La última modernidad

Muchas son las ideas que recibimos y en las que nos instalamos, como si fuesen algo definitivo e inalterable. Así ocurre con la idea de modernidad. En la conciencia de todos los hombres cultos del planeta está el convencimiento de que el proceso de la historia es una sucesión de modernidades.Quizá quienes practicaron y sobrellevaron la modernidad en otros tiempos -los romanos, por ejemplo, en tanto cuanto se sentían modernos respecto de los griegos- no tuviesen esta idea de la historia como sucesión de modernidades, pero a partir de la formación de la conciencia histórica o, para decirlo a la alemana, de la historicidad, ninguna persona culta duda de que a lo antiguo ha de contraponerse lo moderno, pues en otro caso no habría noción de la antigüedad en cuanto categoría históricocultural, sino sólo de pasado en cuanto concepto cronológico.
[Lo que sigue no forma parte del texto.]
lemma Su_mult_w: "m (S u) w = one"
proof -
  have S2w: "S (S w) = m u (m w (S w))"
  proof -
    have "S (S w) = m (m (S (S w)) u) (S w)" by (simp add: mult_assoc u_mult_antipode_w)
    then show ?thesis by (simp only: u_mult[of w, symmetric] mult_assoc)
  qed
  have "m (S u) (S (S w)) = one"
    using arg_cong[OF antipode_w_mult_u, of S] by (simp add: antipode_mult antipode_one)
  then have "m u (m (S u) (m w (S w))) = one"
    unfolding S2w by (simp add: mult_assoc[symmetric] Su_mult_u)
  then have "m (S u) (m w (S w)) = S w"
    by (metis antipode_w_mult_u mult_assoc mult_one_left mult_one_right)
  then have "m (m (S u) (m w (S w))) u = m (S w) u" by simp
  then show ?thesis by (simp add: mult_assoc antipode_w_mult_u)
qed

text \<open>\<open>S(w) w = u\<^sup>-\<^sup>1 S(u)\<^sup>-\<^sup>1 = (u S(u))\<^sup>-\<^sup>1 = v\<^sup>2\<close>.\<close>

lemma antipode_w_mult_w: "m (S w) w = m v v"
proof -
  have "m (m u (S u)) (m (S w) w) = m (S u) (m (m u (S w)) w)"
    by (simp add: Su_mult_u[symmetric] mult_assoc)
  also have "\<dots> = one"
    by (simp add: u_mult_antipode_w Su_mult_w)
  finally have "m (m u (S u)) (m (S w) w) = one" .
  then have "m v v = m (m v v) (m (m u (S u)) (m (S w) w))" by simp
  also have "\<dots> = m (S w) w" by (subst mult_assoc[symmetric]) (simp add: v2_mult_u_Su)
  finally show ?thesis by simp
qed

lemma right_adjoint_v_eq:
  "bilin_apply (\<lambda>x y. m (m (S x) a) y) (D v) = bilin_apply (\<lambda>p' q'.
     bilin_apply (\<lambda>p q. m (S p') (m (S q) (m a (m p (m q' (m v v)))))) R) R"
proof -
  define F where "F = (\<lambda>x y. m (m (S x) a) y)"
  define G where "G = (\<lambda>x y. m (S x) (m a (m y (m v v))))"
  have F: "bilin F" unfolding F_def by (intro bilinI lin_intros)
  have G: "bilin G" unfolding G_def by (intro bilinI lin_intros)
  have F_v: "F (m v p) (m v q) = G p q" for p q
  proof -
    have "F (m v p) (m v q) = m (S p) (m (m v a) (m v q))"
      unfolding F_def by (simp add: antipode_mult antipode_v mult_assoc)
    also have "\<dots> = m (S p) (m a (m (m v v) q))"
      by (simp add: v_central[of a] mult_assoc)
    also have "\<dots> = G p q"
      unfolding G_def by (simp only: v2_central)
    finally show ?thesis .
  qed
  have "bilin_apply F (D v) = bilin_apply (\<lambda>p q. F (m v p) (m v q)) (monodromy H R)"
    unfolding Delta_v bilin_apply_tmul[OF F]
    by (rule bilin_apply_tens) (unfold F_def, intro bilinI lin_intros)
  also have "\<dots> = bilin_apply (\<lambda>p q. bilin_apply (\<lambda>p' q'. G (m q p') (m p q')) R) R"
    unfolding F_v monodromy_def bilin_apply_tmul[OF G] bilin_apply_tau ..
  also have "\<dots> = bilin_apply (\<lambda>p' q'.
      bilin_apply (\<lambda>p q. m (S p') (m (S q) (m a (m p (m q' (m v v)))))) R) R"
    unfolding G_def by (subst bilin_apply_swap) (simp add: antipode_mult mult_assoc v2_central)
  finally show ?thesis unfolding F_def .
qed

lemma tS_tS: "tS H R (tS H R a) = bilin_apply (\<lambda>x y. m (m (S x) a) y) (D v)"
  unfolding tS_tS_eq right_adjoint_v_eq antipode_w_mult_w v2_central ..

end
Sin modernidades no habría historia en tanto que dialéctica del espíritu objetivo.

Pero parece, y es idea de la que muchos procuran evadirse sin conseguirlo, que lo moderno se acaba para siempre. Quizá los nombres queden, pero designarán conceptos que expresaron otras ideas, porque moderno significa que lo antiguo se ha transformado de tal modo que el mundo y sus fundamentos se ven con ojos nuevos, o lo que es lo mismo, que un antiguo no podría ver lo que ve un moderno. Quiere decir esto que moderno es una categoría cultural de la que nos servimos para definir un segmento de la historia y que modernidad significa una nueva concepción cultural que expresa el cambio del propio proceso histórico.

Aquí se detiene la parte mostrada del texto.